# What to do
Below are entries. Reproduce exactly the lines between the line holding "(frechet_derivative H (at" and the line holding "from C1_on_strict_derivative[OF C x0 this]", inclusive, and only those.
Supplied data below:
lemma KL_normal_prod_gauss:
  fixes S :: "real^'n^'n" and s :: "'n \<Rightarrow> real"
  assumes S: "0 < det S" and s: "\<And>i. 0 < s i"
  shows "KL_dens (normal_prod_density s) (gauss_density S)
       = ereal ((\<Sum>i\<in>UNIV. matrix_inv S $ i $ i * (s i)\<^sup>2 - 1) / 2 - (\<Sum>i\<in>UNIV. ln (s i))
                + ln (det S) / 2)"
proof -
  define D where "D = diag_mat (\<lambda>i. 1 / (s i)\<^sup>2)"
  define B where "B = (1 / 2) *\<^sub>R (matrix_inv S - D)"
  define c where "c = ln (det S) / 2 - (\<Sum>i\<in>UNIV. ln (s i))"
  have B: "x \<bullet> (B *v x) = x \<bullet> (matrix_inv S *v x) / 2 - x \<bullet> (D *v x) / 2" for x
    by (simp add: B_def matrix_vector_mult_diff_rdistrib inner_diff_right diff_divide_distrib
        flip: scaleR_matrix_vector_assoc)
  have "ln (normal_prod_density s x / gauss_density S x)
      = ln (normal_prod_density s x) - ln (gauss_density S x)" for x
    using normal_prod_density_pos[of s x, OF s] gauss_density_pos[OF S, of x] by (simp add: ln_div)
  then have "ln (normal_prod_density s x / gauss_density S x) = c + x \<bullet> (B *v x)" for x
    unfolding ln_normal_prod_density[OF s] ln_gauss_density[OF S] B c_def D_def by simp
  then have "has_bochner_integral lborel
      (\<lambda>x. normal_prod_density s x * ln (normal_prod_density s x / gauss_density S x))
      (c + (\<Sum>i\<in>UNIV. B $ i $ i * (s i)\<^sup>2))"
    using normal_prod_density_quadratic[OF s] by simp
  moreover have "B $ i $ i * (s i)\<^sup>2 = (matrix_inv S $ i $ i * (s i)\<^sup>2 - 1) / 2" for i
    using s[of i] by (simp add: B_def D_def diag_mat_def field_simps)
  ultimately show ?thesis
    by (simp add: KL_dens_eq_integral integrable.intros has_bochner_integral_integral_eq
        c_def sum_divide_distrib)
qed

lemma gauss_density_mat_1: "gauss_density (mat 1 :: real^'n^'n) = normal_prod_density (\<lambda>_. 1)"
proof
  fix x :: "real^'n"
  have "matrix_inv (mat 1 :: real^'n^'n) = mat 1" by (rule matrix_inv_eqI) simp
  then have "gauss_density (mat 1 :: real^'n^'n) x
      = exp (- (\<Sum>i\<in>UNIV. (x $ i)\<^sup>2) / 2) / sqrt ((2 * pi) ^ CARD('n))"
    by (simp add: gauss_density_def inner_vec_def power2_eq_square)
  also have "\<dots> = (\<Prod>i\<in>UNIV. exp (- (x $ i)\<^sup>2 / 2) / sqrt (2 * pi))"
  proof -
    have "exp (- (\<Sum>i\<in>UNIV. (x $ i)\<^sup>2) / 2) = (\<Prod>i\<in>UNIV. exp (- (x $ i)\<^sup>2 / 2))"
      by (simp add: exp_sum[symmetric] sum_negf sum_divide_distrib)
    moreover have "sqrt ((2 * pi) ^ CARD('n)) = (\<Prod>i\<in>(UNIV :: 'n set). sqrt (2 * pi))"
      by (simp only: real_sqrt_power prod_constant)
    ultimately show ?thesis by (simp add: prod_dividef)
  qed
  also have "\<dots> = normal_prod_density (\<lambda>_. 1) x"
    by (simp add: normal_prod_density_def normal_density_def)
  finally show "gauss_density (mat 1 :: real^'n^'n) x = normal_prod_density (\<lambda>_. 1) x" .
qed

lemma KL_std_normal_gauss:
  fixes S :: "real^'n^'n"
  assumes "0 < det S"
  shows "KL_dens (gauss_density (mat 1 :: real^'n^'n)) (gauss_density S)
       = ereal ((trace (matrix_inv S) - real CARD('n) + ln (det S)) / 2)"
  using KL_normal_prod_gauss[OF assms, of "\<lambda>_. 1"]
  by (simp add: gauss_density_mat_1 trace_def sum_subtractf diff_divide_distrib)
End of Supplied data.
Supplied data below:
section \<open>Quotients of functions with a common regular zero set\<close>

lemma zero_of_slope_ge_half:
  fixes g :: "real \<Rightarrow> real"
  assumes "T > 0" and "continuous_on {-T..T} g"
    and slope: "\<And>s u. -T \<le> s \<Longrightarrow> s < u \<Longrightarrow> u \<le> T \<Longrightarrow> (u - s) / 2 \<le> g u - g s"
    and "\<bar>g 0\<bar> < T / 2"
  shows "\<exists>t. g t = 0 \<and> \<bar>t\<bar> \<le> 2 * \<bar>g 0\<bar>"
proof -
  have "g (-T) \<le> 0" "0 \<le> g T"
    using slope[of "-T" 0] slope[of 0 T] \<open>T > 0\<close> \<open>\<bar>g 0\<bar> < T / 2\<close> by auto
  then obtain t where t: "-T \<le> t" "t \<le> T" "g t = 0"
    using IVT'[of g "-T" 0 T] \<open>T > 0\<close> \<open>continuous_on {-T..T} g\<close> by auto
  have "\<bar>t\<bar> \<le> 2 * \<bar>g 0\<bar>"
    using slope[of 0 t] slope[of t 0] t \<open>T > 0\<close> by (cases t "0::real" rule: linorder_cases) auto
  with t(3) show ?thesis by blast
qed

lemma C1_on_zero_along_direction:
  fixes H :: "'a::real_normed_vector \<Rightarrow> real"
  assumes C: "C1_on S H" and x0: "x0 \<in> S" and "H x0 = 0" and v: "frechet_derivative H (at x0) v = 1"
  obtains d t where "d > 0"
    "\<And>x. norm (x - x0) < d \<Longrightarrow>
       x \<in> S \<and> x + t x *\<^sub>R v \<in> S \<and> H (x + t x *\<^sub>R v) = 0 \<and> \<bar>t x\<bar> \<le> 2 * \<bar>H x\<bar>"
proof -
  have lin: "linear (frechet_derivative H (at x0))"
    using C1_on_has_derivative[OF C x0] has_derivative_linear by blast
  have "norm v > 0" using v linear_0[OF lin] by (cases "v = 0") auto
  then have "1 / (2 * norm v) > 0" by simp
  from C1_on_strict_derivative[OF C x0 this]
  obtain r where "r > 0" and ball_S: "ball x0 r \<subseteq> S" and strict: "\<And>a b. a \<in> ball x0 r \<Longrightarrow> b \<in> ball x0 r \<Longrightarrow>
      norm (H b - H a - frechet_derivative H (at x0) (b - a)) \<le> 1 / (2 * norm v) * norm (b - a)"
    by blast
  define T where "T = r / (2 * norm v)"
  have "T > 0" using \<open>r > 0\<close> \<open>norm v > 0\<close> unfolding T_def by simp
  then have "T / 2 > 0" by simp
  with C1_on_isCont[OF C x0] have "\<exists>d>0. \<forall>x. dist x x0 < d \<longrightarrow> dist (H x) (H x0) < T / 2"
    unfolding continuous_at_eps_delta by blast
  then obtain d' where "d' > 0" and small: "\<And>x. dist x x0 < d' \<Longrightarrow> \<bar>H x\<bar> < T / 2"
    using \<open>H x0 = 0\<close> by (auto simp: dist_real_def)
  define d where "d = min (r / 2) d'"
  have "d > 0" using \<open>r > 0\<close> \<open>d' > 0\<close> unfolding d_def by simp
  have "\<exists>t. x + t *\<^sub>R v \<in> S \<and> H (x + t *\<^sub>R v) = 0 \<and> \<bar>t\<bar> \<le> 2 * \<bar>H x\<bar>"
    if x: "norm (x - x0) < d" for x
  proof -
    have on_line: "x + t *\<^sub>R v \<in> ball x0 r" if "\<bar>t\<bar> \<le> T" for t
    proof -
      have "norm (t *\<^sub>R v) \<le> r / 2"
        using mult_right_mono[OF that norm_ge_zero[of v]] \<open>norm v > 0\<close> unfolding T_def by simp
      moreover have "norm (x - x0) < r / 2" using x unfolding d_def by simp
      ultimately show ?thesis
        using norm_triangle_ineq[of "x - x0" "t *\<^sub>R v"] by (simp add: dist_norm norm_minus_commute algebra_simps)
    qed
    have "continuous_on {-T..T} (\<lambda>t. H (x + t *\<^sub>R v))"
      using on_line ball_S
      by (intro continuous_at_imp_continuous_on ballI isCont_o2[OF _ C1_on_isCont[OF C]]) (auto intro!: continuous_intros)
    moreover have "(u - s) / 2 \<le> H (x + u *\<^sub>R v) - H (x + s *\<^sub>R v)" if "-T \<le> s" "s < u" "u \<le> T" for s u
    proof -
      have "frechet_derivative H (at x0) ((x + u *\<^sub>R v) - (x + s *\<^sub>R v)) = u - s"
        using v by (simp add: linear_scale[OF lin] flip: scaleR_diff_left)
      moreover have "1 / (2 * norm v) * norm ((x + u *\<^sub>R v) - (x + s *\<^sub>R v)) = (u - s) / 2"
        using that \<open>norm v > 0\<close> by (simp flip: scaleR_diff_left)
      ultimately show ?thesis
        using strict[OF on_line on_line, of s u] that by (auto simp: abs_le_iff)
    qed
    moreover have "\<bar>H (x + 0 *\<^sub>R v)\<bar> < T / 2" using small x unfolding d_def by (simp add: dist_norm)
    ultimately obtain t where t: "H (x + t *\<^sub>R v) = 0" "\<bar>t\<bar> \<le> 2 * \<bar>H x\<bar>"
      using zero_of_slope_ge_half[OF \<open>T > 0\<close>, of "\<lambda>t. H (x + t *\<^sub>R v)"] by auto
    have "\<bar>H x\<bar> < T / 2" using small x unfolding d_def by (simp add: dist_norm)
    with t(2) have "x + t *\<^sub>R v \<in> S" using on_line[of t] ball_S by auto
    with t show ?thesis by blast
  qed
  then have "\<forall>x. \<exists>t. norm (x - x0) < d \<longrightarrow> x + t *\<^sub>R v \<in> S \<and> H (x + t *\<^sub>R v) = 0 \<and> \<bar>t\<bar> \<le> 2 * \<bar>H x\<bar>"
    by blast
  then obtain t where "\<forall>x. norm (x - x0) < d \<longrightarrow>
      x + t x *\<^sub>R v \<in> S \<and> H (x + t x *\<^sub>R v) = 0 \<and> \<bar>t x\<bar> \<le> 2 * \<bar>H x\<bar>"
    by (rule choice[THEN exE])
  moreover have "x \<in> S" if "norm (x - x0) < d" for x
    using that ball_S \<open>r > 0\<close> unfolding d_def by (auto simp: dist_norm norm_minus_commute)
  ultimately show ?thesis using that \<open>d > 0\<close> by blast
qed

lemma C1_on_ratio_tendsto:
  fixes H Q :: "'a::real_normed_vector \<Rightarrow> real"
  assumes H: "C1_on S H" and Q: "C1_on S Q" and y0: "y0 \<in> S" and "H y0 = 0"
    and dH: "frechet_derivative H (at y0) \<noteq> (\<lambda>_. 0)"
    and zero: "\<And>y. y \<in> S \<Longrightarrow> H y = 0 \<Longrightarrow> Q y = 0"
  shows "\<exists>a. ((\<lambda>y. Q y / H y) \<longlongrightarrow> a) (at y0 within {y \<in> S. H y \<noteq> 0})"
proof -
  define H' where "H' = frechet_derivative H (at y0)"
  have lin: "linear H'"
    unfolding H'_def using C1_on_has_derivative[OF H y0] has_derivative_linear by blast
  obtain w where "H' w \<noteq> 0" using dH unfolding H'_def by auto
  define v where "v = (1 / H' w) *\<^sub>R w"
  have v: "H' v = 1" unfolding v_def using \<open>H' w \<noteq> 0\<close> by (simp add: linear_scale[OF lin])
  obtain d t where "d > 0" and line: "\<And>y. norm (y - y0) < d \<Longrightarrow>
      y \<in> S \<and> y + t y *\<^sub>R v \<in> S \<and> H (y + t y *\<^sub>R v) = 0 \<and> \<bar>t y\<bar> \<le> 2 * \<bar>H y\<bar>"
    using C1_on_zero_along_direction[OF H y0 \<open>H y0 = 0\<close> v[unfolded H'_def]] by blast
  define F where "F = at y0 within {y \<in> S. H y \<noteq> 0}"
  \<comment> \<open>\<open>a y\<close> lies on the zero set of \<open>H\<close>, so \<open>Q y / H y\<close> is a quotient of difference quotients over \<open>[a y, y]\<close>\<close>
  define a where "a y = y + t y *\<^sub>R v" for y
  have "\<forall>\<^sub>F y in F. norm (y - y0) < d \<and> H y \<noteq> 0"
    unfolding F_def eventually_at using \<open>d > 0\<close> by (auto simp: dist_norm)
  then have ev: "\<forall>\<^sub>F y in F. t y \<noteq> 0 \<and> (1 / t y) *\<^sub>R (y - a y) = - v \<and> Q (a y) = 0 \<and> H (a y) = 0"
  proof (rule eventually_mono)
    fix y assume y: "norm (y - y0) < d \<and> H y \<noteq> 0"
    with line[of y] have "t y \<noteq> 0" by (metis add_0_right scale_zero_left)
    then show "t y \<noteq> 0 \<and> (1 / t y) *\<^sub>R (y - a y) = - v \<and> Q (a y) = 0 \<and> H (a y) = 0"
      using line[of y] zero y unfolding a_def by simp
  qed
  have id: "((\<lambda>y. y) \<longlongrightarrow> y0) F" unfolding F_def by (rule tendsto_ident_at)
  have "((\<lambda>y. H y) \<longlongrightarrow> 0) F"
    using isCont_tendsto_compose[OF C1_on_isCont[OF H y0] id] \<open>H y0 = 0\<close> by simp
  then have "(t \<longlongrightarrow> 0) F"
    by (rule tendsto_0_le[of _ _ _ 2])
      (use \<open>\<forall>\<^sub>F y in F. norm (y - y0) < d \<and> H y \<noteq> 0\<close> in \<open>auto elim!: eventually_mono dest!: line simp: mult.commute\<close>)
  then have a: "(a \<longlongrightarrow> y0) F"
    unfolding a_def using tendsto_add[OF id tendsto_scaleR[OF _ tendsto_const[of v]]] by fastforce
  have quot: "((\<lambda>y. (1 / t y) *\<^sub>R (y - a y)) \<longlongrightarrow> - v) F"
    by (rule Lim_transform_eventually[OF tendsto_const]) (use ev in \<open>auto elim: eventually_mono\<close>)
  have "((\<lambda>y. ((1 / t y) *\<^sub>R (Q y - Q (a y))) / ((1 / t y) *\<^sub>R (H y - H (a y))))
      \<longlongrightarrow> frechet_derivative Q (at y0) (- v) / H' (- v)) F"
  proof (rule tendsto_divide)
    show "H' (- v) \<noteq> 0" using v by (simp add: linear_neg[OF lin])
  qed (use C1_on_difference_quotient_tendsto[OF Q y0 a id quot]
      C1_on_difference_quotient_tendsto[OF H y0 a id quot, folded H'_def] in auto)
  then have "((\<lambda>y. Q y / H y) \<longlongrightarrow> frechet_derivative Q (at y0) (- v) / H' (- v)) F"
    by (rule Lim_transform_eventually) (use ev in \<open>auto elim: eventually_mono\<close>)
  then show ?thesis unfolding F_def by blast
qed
End of Supplied data.
# Response to the task
  have lin: "linear (frechet_derivative H (at x0))"
    using C1_on_has_derivative[OF C x0] has_derivative_linear by blast
  have "norm v > 0" using v linear_0[OF lin] by (cases "v = 0") auto
  then have "1 / (2 * norm v) > 0" by simp
  from C1_on_strict_derivative[OF C x0 this]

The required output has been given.